51 members of the Parliament of Barbados (30 MPs and 21 Senators) 20 House and 14 Senate votes needed to win
| Nominee | Jeffrey Bostic |  |  |
| Party | BLP |  |
| Alliance | BLP, DLP |  |
| Electoral vote | Unopposed 100% |  |
| President before election Dame Sandra Mason Independent | Elected President Jeffrey Bostic BLP |

= 2025 Barbadian presidential election =

Election of Jeffrey Bostic

The 2025 Barbadian presidential election was held on 7 October 2025 to choose the second president of Barbados. Dame Sandra Mason, the inaugural president elected to replace Queen Elizabeth II as head of state of Barbados in 2021, completed her term on 29 November 2025, and chose to retire rather than run for a second term.

Lt. Col. Jeffrey Bostic was nominated jointly on 16 September 2025, thereby making him the only candidate to be presented for this election. His candidacy was not objected to in the joint sitting of Parliament in which the election took place. Thus, he was acclaimed as President-elect, in accordance with the Constitution, in a walkover and was sworn in on 30 November 2025.

==Electoral system==

The president is elected indirectly by the Parliament of Barbados in the context of a joint sitting of Parliament.

The prime minister and the leader of the opposition jointly nominate a consensus candidate 90 days before the incumbent's term is due to expire, who is then elected in a walkover without a vote unless any MP lodges their objection. If an objection is lodged, the joint sitting is suspended and the two Houses of Parliament, the Senate and the House of Assembly, meet separately and each vote on accepting or rejecting the nominee. A two-thirds majority of valid votes in each house separately is then required to elect a candidate on all rounds of balloting.
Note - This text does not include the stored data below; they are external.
lemma sigma_nat_prod_prime_powers:
  assumes "finite S" "S \<subseteq> {p. prime p}"
  shows "sigma_nat c (\<Prod>p\<in>S. p ^ e p) = (\<Prod>p\<in>S. sigma_pp c p (enat (e p)))"
  using assms
proof (induction S rule: finite_induct)
  case (insert p S)
  then have "prime p" "\<forall>q\<in>S. prime q \<and> q \<noteq> p"
    by auto
  then have "coprime (p ^ e p) (\<Prod>q\<in>S. q ^ e q)"
    by (auto intro!: prod_coprime_right simp: primes_coprime)
  moreover have "(\<Prod>q\<in>S. q ^ e q) > 0"
    using \<open>\<forall>q\<in>S. prime q \<and> q \<noteq> p\<close> by (auto intro!: prod_pos simp: prime_gt_0_nat)
  ultimately show ?case
    using insert \<open>prime p\<close>
    by (simp add: sigma_nat_mult_coprime prime_gt_0_nat sigma_nat_prime_power)
qed simp

lemma sigma_pp_zero [simp]: "sigma_pp c p 0 = 1"
  by (simp add: sigma_pp_def zero_enat_def)

lemma sigma_steinitz_finite_support:
  assumes "finite S" "S \<subseteq> {p. prime p}"
  shows "sigma_steinitz c (\<lambda>p. if p \<in> S then enat (e p) else 0) = sigma_nat c (\<Prod>p\<in>S. p ^ e p)"
  unfolding sigma_steinitz_def sigma_nat_prod_prime_powers[OF assms]
  using assms by (subst prodinf_finite[of S]) (auto intro!: prod.cong)
lemma linear_le_div_ln:
  fixes x :: real
  assumes "2 \<le> x" "x < 1000"
  shows "7 / 10 * x \<le> 20 * x / ln x"
proof -
  have ln_pos: "ln x > 0" using assms by simp
  have "ln x \<le> ln 1000" using assms by simp
  also have "ln (1000::real) = ln 10 + ln 10 + ln 10"
    using ln_mult[of 10 100] ln_mult[of 10 10] by simp
  also have "ln (10::real) \<le> 9" using ln_le_minus_one[of 10] by simp
  finally have "7 / 10 * ln x \<le> 20" by simp
  then have "x * (7 / 10 * ln x) \<le> x * 20" using assms by (intro mult_left_mono) auto
  then show ?thesis using ln_pos by (simp add: field_simps)
qed
lemma scaleC_eq_0_iff: "scaleC a (x::'a::complex_inner) = 0 \<longleftrightarrow> a = 0 \<or> x = 0"
proof
  assume "scaleC a x = 0"
  moreover have "scaleC (inverse a) (scaleC a x) = x" if "a \<noteq> 0"
    using that by (simp add: scaleC_scaleC)
  ultimately show "a = 0 \<or> x = 0" by auto
qed auto

lemma cinner_zero_left [simp]: "cinner 0 (y::'a::complex_inner) = 0"
  using cinner_add_left[of 0 0 y] by simp

lemma cinner_add_right: "cinner (x::'a::complex_inner) (y + z) = cinner x y + cinner x z"
  by (metis cinner_commute cinner_add_left complex_cnj_add)

lemma cinner_scaleC_right: "cinner (x::'a::complex_inner) (scaleC a y) = a * cinner x y"
  by (metis cinner_commute cinner_scaleC_left complex_cnj_cnj complex_cnj_mult)

lemma cinner_zero_right [simp]: "cinner (x::'a::complex_inner) 0 = 0"
  using cinner_add_right[of x 0 0] by simp

lemma cinner_minus_left: "cinner (- x::'a::complex_inner) y = - cinner x y"
  using cinner_add_left[of x "-x" y] by (simp add: eq_neg_iff_add_eq_0 add.commute)

lemma cinner_minus_right: "cinner (x::'a::complex_inner) (- y) = - cinner x y"
  using cinner_add_right[of x y "-y"] by (simp add: eq_neg_iff_add_eq_0 add.commute)

lemma cinner_diff_right: "cinner (x::'a::complex_inner) (y - z) = cinner x y - cinner x z"
  using cinner_add_right[of x y "-z"] by (simp add: cinner_minus_right)

lemma Re_cinner_commute: "Re (cinner y x) = Re (cinner (x::'a::complex_inner) y)"
  by (subst cinner_commute) simp

lemma cinner_self_eq_norm_sq: "cinner (x::'a::complex_inner) x = of_real ((norm x)\<^sup>2)"
  using cinner_commute[of x x] norm_eq_sqrt_cinner[of x] cinner_ge_zero[of x]
  by (simp add: complex_eq_iff)

lemma norm_sq_eq_Re_cinner: "(norm (x::'a::complex_inner))\<^sup>2 = Re (cinner x x)"
  by (simp add: cinner_self_eq_norm_sq)

lemma norm_scaleC: "norm (scaleC s (x::'a::complex_inner)) = cmod s * norm x"
proof -
  have "of_real ((norm (scaleC s x))\<^sup>2) = cnj s * s * of_real ((norm x)\<^sup>2)"
    using cinner_self_eq_norm_sq[of "scaleC s x"] cinner_self_eq_norm_sq[of x]
    by (simp add: cinner_scaleC_left cinner_scaleC_right mult.assoc mult.left_commute del: of_real_power)
  also have "cnj s * s = of_real ((cmod s)\<^sup>2)" using complex_norm_square[of s] by (simp add: mult.commute)
  finally have "of_real ((norm (scaleC s x))\<^sup>2) = (of_real ((cmod s * norm x)\<^sup>2) :: complex)"
    by (simp add: power_mult_distrib del: of_real_power)
  then have "(norm (scaleC s x))\<^sup>2 = (cmod s * norm x)\<^sup>2" using of_real_eq_iff by blast
  then show ?thesis by (rule power2_eq_imp_eq) auto
qed

lemma norm_add_sq:
  "(norm (x + y :: 'a::complex_inner))\<^sup>2 = (norm x)\<^sup>2 + (norm y)\<^sup>2 + 2 * Re (cinner x y)"
  using Re_cinner_commute[of x y]
  by (simp add: norm_sq_eq_Re_cinner cinner_add_left cinner_add_right)

lemma norm_diff_sq:
  "(norm (x - y :: 'a::complex_inner))\<^sup>2 = (norm x)\<^sup>2 + (norm y)\<^sup>2 - 2 * Re (cinner x y)"
  using norm_add_sq[of x "-y"] by (simp add: cinner_minus_right)

lemma parallelogram_law:
  "(norm (x + y :: 'a::complex_inner))\<^sup>2 + (norm (x - y))\<^sup>2 = 2 * (norm x)\<^sup>2 + 2 * (norm y)\<^sup>2"
  by (simp add: norm_add_sq norm_diff_sq)

lemma quadratic_nonneg_imp_cmod_sq_le:
  fixes a b :: real and c :: complex
  assumes nonneg: "\<And>s::complex. 0 \<le> a + 2 * Re (s * c) + (cmod s)\<^sup>2 * b" and "0 \<le> b"
  shows "(cmod c)\<^sup>2 \<le> a * b"
proof (cases "b = 0")
  case True
  have "c = 0"
  proof (rule ccontr)
    assume "c \<noteq> 0"
    define t where "t = (\<bar>a\<bar> + 1) / (cmod c)\<^sup>2"
    have "Re (of_real (-t) * cnj c * c) = - t * (cmod c)\<^sup>2"
      by (simp add: complex_mult_cnj cmod_def power2_eq_square mult.assoc)
    moreover have "t * (cmod c)\<^sup>2 = \<bar>a\<bar> + 1" using \<open>c \<noteq> 0\<close> by (simp add: t_def)
    moreover have "0 \<le> a + 2 * Re (of_real (-t) * cnj c * c)"
      using nonneg[of "of_real (-t) * cnj c"] True by simp
    ultimately show False by linarith
  qed
  then show ?thesis using True by simp
next
  case False
  then have "b > 0" using assms(2) by simp
  define s where "s = - cnj c / of_real b"
  have "Re (s * c) = - (cmod c)\<^sup>2 / b"
    unfolding s_def using \<open>b > 0\<close>
    by (simp add: complex_mult_cnj cmod_def power2_eq_square Re_divide_of_real mult.commute)
      (simp add: field_simps)
  moreover have "(cmod s)\<^sup>2 = (cmod c)\<^sup>2 / b\<^sup>2"
    unfolding s_def using \<open>b > 0\<close> by (simp add: norm_divide power_divide)
  moreover have "0 \<le> a + 2 * Re (s * c) + (cmod s)\<^sup>2 * b" by (rule nonneg)
  moreover have "(cmod c)\<^sup>2 / b\<^sup>2 * b = (cmod c)\<^sup>2 / b"
    using \<open>b > 0\<close> by (simp add: power2_eq_square)
  ultimately have "(cmod c)\<^sup>2 / b \<le> a" by simp
  then show ?thesis using \<open>b > 0\<close> by (simp add: pos_divide_le_eq)
qed

lemma hermitian_form_Cauchy_Schwarz:
  fixes q :: "'a::complex_inner \<Rightarrow> 'a \<Rightarrow> complex"
  assumes closed: "\<And>x y s. x \<in> S \<Longrightarrow> y \<in> S \<Longrightarrow> x + scaleC s y \<in> S"
    and semilinear: "\<And>x y z s. x \<in> S \<Longrightarrow> y \<in> S \<Longrightarrow> z \<in> S \<Longrightarrow>
      q (x + scaleC s y) z = q x z + cnj s * q y z"
    and hermitian: "\<And>x y. x \<in> S \<Longrightarrow> y \<in> S \<Longrightarrow> q y x = cnj (q x y)"
    and nonneg: "\<And>x. x \<in> S \<Longrightarrow> 0 \<le> Re (q x x)"
    and x: "x \<in> S" and y: "y \<in> S"
  shows "(cmod (q x y))\<^sup>2 \<le> Re (q x x) * Re (q y y)"
proof (rule quadratic_nonneg_imp_cmod_sq_le)
  fix s :: complex
  have xsy: "x + scaleC s y \<in> S" using closed x y .
  have "q x (x + scaleC s y) = cnj (q x x) + s * q x y"
    using hermitian[OF xsy x] semilinear[OF x y x] hermitian[OF x y] by simp
  moreover have "cnj s * q y (x + scaleC s y) = cnj (s * q x y) + cnj s * s * cnj (q y y)"
    using hermitian[OF xsy y] semilinear[OF x y y] by (simp add: distrib_left mult.assoc)
  ultimately have "q (x + scaleC s y) (x + scaleC s y)
      = cnj (q x x) + s * q x y + cnj (s * q x y) + cnj s * s * cnj (q y y)"
    using semilinear[OF x y xsy] by simp
  moreover have "cnj s * s = of_real ((cmod s)\<^sup>2)"
    using complex_norm_square[of s] by (simp add: mult.commute)
  ultimately have "Re (q (x + scaleC s y) (x + scaleC s y))
      = Re (q x x) + 2 * Re (s * q x y) + (cmod s)\<^sup>2 * Re (q y y)"
    by (simp del: of_real_power)
  then show "0 \<le> Re (q x x) + 2 * Re (s * q x y) + (cmod s)\<^sup>2 * Re (q y y)"
    using nonneg[OF xsy] by simp
qed (rule nonneg[OF y])

lemma cinner_Cauchy_Schwarz: "cmod (cinner (x::'a::complex_inner) y) \<le> norm x * norm y"
proof -
  have "(cmod (cinner x y))\<^sup>2 \<le> Re (cinner x x) * Re (cinner y y)"
  proof (rule hermitian_form_Cauchy_Schwarz[where S = UNIV and q = cinner])
    show "cinner v u = cnj (cinner u v)" for u v :: 'a by (rule cinner_commute)
  qed (simp_all add: cinner_add_left cinner_scaleC_left cinner_ge_zero)
  then have "(cmod (cinner x y))\<^sup>2 \<le> (norm x * norm y)\<^sup>2"
    by (simp add: norm_sq_eq_Re_cinner power_mult_distrib)
  then show ?thesis by (rule power2_le_imp_le) simp
qed

section \<open>Hilbert space geometry\<close>

lemma bounded_bilinear_cinner: "bounded_bilinear (cinner :: 'a::complex_inner \<Rightarrow> 'a \<Rightarrow> complex)"
proof
  fix x x' y :: 'a and r :: real
  show "cinner (x + x') y = cinner x y + cinner x' y" by (rule cinner_add_left)
  show "cinner y (x + x') = cinner y x + cinner y x'" by (rule cinner_add_right)
  show "cinner (r *\<^sub>R x) y = r *\<^sub>R cinner x y" "cinner x (r *\<^sub>R y) = r *\<^sub>R cinner x y"
    by (simp_all add: scaleC_of_real[symmetric] cinner_scaleC_left cinner_scaleC_right
        scaleR_conv_of_real)
next
  show "\<exists>K. \<forall>x y::'a. norm (cinner x y) \<le> norm x * norm y * K"
    by (rule exI[of _ 1]) (simp add: cinner_Cauchy_Schwarz)
qed

lemmas tendsto_cinner [tendsto_intros] = bounded_bilinear.tendsto[OF bounded_bilinear_cinner]
lemmas continuous_on_cinner [continuous_intros] =
  bounded_bilinear.continuous_on[OF bounded_bilinear_cinner]

lemma bounded_linear_scaleC: "bounded_linear (scaleC c :: 'a::complex_inner \<Rightarrow> 'a)"
proof
  fix x y :: 'a and r :: real
  show "scaleC c (x + y) = scaleC c x + scaleC c y" by (rule scaleC_add_right)
  have "scaleC c (scaleC (of_real r) x) = scaleC (of_real r) (scaleC c x)"
    by (simp only: scaleC_scaleC mult.commute)
  then show "scaleC c (r *\<^sub>R x) = r *\<^sub>R scaleC c x" by (simp only: scaleC_of_real)
  show "\<exists>K. \<forall>x::'a. norm (scaleC c x) \<le> norm x * K"
    by (rule exI[of _ "cmod c"]) (simp add: norm_scaleC mult.commute)
qed

lemmas tendsto_scaleC [tendsto_intros] = bounded_linear.tendsto[OF bounded_linear_scaleC]

lemma Cauchy_if_dist_le_mult:
  assumes "Cauchy g" and le: "\<And>m n. dist (f m) (f n) \<le> L * dist (g m) (g n)"
  shows "Cauchy f"
proof (rule metric_CauchyI)
  fix e :: real assume "e > 0"
  then have "e / (\<bar>L\<bar> + 1) > 0" by simp
  then obtain N where N: "\<And>m n. m \<ge> N \<Longrightarrow> n \<ge> N \<Longrightarrow> dist (g m) (g n) < e / (\<bar>L\<bar> + 1)"
    using \<open>Cauchy g\<close> metric_CauchyD by blast
  have "dist (f m) (f n) < e" if "m \<ge> N" "n \<ge> N" for m n
  proof -
    have "dist (f m) (f n) \<le> \<bar>L\<bar> * dist (g m) (g n)"
      using le[of m n] by (smt (verit) mult_right_mono zero_le_dist)
    also have "\<dots> \<le> \<bar>L\<bar> * (e / (\<bar>L\<bar> + 1))"
      using N[OF that] by (intro mult_left_mono) auto
    also have "\<dots> < e" using \<open>e > 0\<close> by (simp add: field_simps)
    finally show ?thesis .
  qed
  then show "\<exists>N. \<forall>m\<ge>N. \<forall>n\<ge>N. dist (f m) (f n) < e" by blast
qed
lemma forced_response_ge:
  assumes "\<epsilon> > 0" "w\<^sup>2 + a\<^sup>2 > 0"
  shows "- 1 / (\<epsilon> * sqrt (w\<^sup>2 + a\<^sup>2)) \<le> forced_response a \<epsilon> w x"
proof -
  define r where "r = sqrt (w\<^sup>2 + a\<^sup>2)"
  have r: "r > 0" "w\<^sup>2 + a\<^sup>2 = r * r"
    using assms(2) by (auto simp: r_def)
  have "- r \<le> w * cos (w * x) - a * sin (w * x)"
    unfolding r_def by (rule harmonic_combination_ge)
  then have "- r / (\<epsilon> * (w\<^sup>2 + a\<^sup>2)) \<le> forced_response a \<epsilon> w x"
    unfolding forced_response_def using assms by (intro divide_right_mono) auto
  moreover have "- r / (\<epsilon> * (w\<^sup>2 + a\<^sup>2)) = - 1 / (\<epsilon> * r)"
    using assms(1) r by simp
  ultimately show ?thesis
    by (simp add: r_def)
qed

lemma forced_response_at_minimum:
  assumes "w > 0"
  shows "forced_response a \<epsilon> w ((2 * pi * real k + pi - arctan (a / w)) / w)
    = - 1 / (\<epsilon> * sqrt (w\<^sup>2 + a\<^sup>2))"
proof -
  define r where "r = sqrt (w\<^sup>2 + a\<^sup>2)"
  have r: "r > 0" "w\<^sup>2 + a\<^sup>2 = r * r"
    using assms by (auto simp: r_def add_pos_nonneg)
  show ?thesis
    using assms harmonic_combination_at_minimum[OF assms, of k a] r
    by (simp add: forced_response_def r_def[symmetric])
qed

section \<open>Transition functions\<close>

locale transition =
  fixes \<psi> :: "real \<Rightarrow> real"
  assumes transition_function: "transition_function \<psi>"
begin
inductive exec :: "store \<Rightarrow> stmt \<Rightarrow> store \<Rightarrow> nat \<Rightarrow> nat \<Rightarrow> bool"
  and execs :: "store \<Rightarrow> stmt list \<Rightarrow> store \<Rightarrow> nat \<Rightarrow> nat \<Rightarrow> bool"
  and exec_loop :: "string \<Rightarrow> stmt \<Rightarrow> int \<Rightarrow> int \<Rightarrow> store \<Rightarrow> store \<Rightarrow> nat \<Rightarrow> nat \<Rightarrow> bool"
where
  ExDecl: "\<Sigma>' = \<Sigma>(x \<mapsto> default_val t) \<Longrightarrow>
     exec \<Sigma> (Decl t x) \<Sigma>' 1 (max (sz_store \<Sigma>) (sz_store \<Sigma>'))"
| ExAssign: "x \<in> dom \<Sigma> \<Longrightarrow> eval \<Sigma> e = Some v \<Longrightarrow> \<Sigma>' = \<Sigma>(x \<mapsto> v) \<Longrightarrow>
     exec \<Sigma> (Assign x e) \<Sigma>' (1 + ecost e) (max (sz_store \<Sigma>) (sz_store \<Sigma>'))"
| ExBlock: "execs \<Sigma> ss \<Sigma>' c m \<Longrightarrow>
     exec \<Sigma> (Block ss) \<Sigma>' (1 + c) (max (sz_store \<Sigma>) m)"
| ExIfT: "eval \<Sigma> e = Some (BoolV True) \<Longrightarrow> exec \<Sigma> s1 \<Sigma>' c m \<Longrightarrow>
     exec \<Sigma> (If e s1 s2) \<Sigma>' (ecost e + c) (max (sz_store \<Sigma>) m)"
| ExIfF: "eval \<Sigma> e = Some (BoolV False) \<Longrightarrow> exec \<Sigma> s2 \<Sigma>' c m \<Longrightarrow>
     exec \<Sigma> (If e s1 s2) \<Sigma>' (ecost e + c) (max (sz_store \<Sigma>) m)"
| ExFor: "eval \<Sigma> (bound_exp e) = Some (IntV i) \<Longrightarrow> exec_loop x s 0 i \<Sigma> \<Sigma>' c m \<Longrightarrow>
     exec \<Sigma> (For x e s) \<Sigma>' (ecost (bound_exp e) + c) (max (sz_store \<Sigma>) m)"
| ExNil: "execs \<Sigma> [] \<Sigma> 0 (sz_store \<Sigma>)"
| ExCons: "exec \<Sigma> s \<Sigma>1 c1 m1 \<Longrightarrow> execs \<Sigma>1 ss \<Sigma>' c2 m2 \<Longrightarrow>
     execs \<Sigma> (s # ss) \<Sigma>' (c1 + c2) (max m1 m2)"
| LoopDone: "\<not> j < i \<Longrightarrow> exec_loop x s j i \<Sigma> \<Sigma> 0 (sz_store \<Sigma>)"
| LoopStep: "j < i \<Longrightarrow> exec (\<Sigma>(x \<mapsto> IntV j)) s \<Sigma>1 c1 m1 \<Longrightarrow>
     exec_loop x s (j + 1) i \<Sigma>1 \<Sigma>' c2 m2 \<Longrightarrow>
     exec_loop x s j i \<Sigma> \<Sigma>' (c1 + c2) (max (sz_store \<Sigma>) (max m1 m2))"
(* Let $p>0$, let $u$ be a weight on $\mathbb R$ satisfying the doubling property $u(2I)\le Cu(I)$ for all intervals $I$, and let $w$ be a weight on $(0,\infty)$ with $w\in\Delta_2$. Then there is a constant $C'>0$ such that for every well-separated finite family of intervals $\{I_i\}_i$ and every choice of integers $j_i\in[-50,50]$, $$\frac1{C'}W^{1/p}\Big(u\big(\textstyle\bigcup_iI_{i,j_i}\big)\Big)\le W^{1/p}\Big(u\big(\textstyle\bigcup_iI_i\big)\Big)\le C'\,W^{1/p}\Big(u\big(\textstyle\bigcup_iI_{i,j_i}\big)\Big).$$
   Context: A weight $u$ on $\mathbb R$ is locally integrable with $u>0$ a.e.; $u(E)=\int_Eu$; $2I$ is the interval with the same center as $I$ and twice the length. A weight $w$ on $(0,\infty)$ is nonnegative locally integrable, $W(t)=\int_0^tw$; $w\in\Delta_2$ means $W(2r)\le CW(r)$ for all $r>0$. For an interval $I$ and an integer $j\in[-50,50]$, $I_{j}$ denotes the interval with $|I_j|=|I|$, $I_0=I$, and for $j\ne0$, $\mathrm{dist}(I_j,I)=(|j|-1)|I|$ with $I_j$ to the left of $I$ if $j<0$ and to the right if $j>0$; thus $101I=\bigcup_{j=-50}^{50}I_j$, where $101I$ is the interval with the same center as $I$ and $101$ times the length. For a family $\{I_i\}$, $I_{i,j}$ denotes $(I_i)_j$. A finite family of intervals $\{I_i\}$ is well-separated if the intervals $101I_i$ are pairwise disjoint. *)

theory Defs
  imports "HOL-Analysis.Analysis"
begin

definition ivl :: "real \<times> real \<Rightarrow> real set" where
  "ivl I = {fst I .. snd I}"

definition dilate :: "real \<Rightarrow> real \<times> real \<Rightarrow> real \<times> real" where
  "dilate k I = (let c = (fst I + snd I) / 2; h = (snd I - fst I) / 2
                 in (c - k * h, c + k * h))"

text \<open>I_j: translate I by j times its length.\<close>
definition shift_ivl :: "real \<times> real \<Rightarrow> int \<Rightarrow> real \<times> real" where
  "shift_ivl I j = (fst I + of_int j * (snd I - fst I), snd I + of_int j * (snd I - fst I))"
theorem lemma2p3:
  fixes K :: "nat \<Rightarrow> bool list \<Rightarrow> bool list \<Rightarrow> real"
  assumes "(\<exists>p :: nat \<Rightarrow> real.
              (\<forall>n. 0 \<le> p n \<and> p n \<le> 1) \<and>
              p \<in> O(\<lambda>n. 1 / real n) \<and>
              (\<exists>d. \<forall>\<^sub>F n in at_top. p n \<ge> real n powr (-d)) \<and>
              K = (\<lambda>n. sbm_prob (p n) n))
         \<or> (\<exists>\<beta> :: real. \<beta> > 1 \<and> K = heavy_prob \<beta>)"
  shows "\<exists>\<gamma> > 1. \<exists>C. \<forall>\<^sub>F n in at_top. \<forall>(f :: bool list \<Rightarrow> real) x.
           x \<in> bitstrings n \<and> \<not> optimal n f x \<longrightarrow>
             p_minus K n f x \<le> 1 / \<gamma> \<and> p_plus K n f x \<ge> real n powr (- C * real n)"
  using assms
proof (elim disjE exE conjE)
  fix p d
  assume "\<forall>n. 0 \<le> p n \<and> p n \<le> 1" "p \<in> O(\<lambda>n. 1 / real n)"
    "\<forall>\<^sub>F n in at_top. real n powr (- d) \<le> p n" "K = (\<lambda>n. sbm_prob (p n) n)"
  then obtain c where "0 < c" "c < 1"
    "\<forall>\<^sub>F n in at_top. mutation_kernel n (K n) \<and>
       (\<forall>x \<in> bitstrings n. c \<le> K n x x \<and>
          (\<forall>y \<in> bitstrings n. real n powr (- (d + 1) * real n) \<le> K n x y))"
    by (elim sbm_kernel_bounds) auto
  then show ?thesis
    by (rule drift_bounds_from_kernel_bounds)
next
  fix \<beta> :: real
  assume "1 < \<beta>" "K = heavy_prob \<beta>"
  then obtain c where "0 < c" "c < 1"
    "\<forall>\<^sub>F n in at_top. mutation_kernel n (K n) \<and>
       (\<forall>x \<in> bitstrings n. c \<le> K n x x \<and>
          (\<forall>y \<in> bitstrings n. real n powr (- 3 * real n) \<le> K n x y))"
    by (elim heavy_kernel_bounds) auto
  then show ?thesis
    by (rule drift_bounds_from_kernel_bounds)
qed

end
If no consensus candidate is nominated by the 60th day before the end of the incumbent's term, the election is opened to other candidates. To gain ballot access in such an open election, a candidate must be nominated either by the prime minister, the leader of the Opposition, or at least ten members of the House of Assembly. The requirement for a two-thirds majority of valid votes in each house separately also applies in an open election; this means that if only one candidate has been nominated, the voting system is the same as when a consensus candidate has been objected to.

==Candidate==

Lt. Col. Jeffrey Bostic, the former Minister of Health and Wellness, military officer and member of parliament for the City of Bridgetown, was the only candidate for the office; he was nominated jointly by the prime minister, Mia Mottley, and the leader of the opposition, Ralph Thorne.

Bostic was widely commended by the Barbadian public for his work in leading the island's response to the COVID-19 pandemic, and for that reason, was awarded the Order of Freedom of Barbados on 28 April 2022, the island's National Heroes Day.

Given there were no objections at the joint sitting of Parliament, Bostic was declared elected without a vote on 7 October 2025. Due to his election, Bostic was sworn in 30 November, which was the 59th anniversary of Barbadian independence.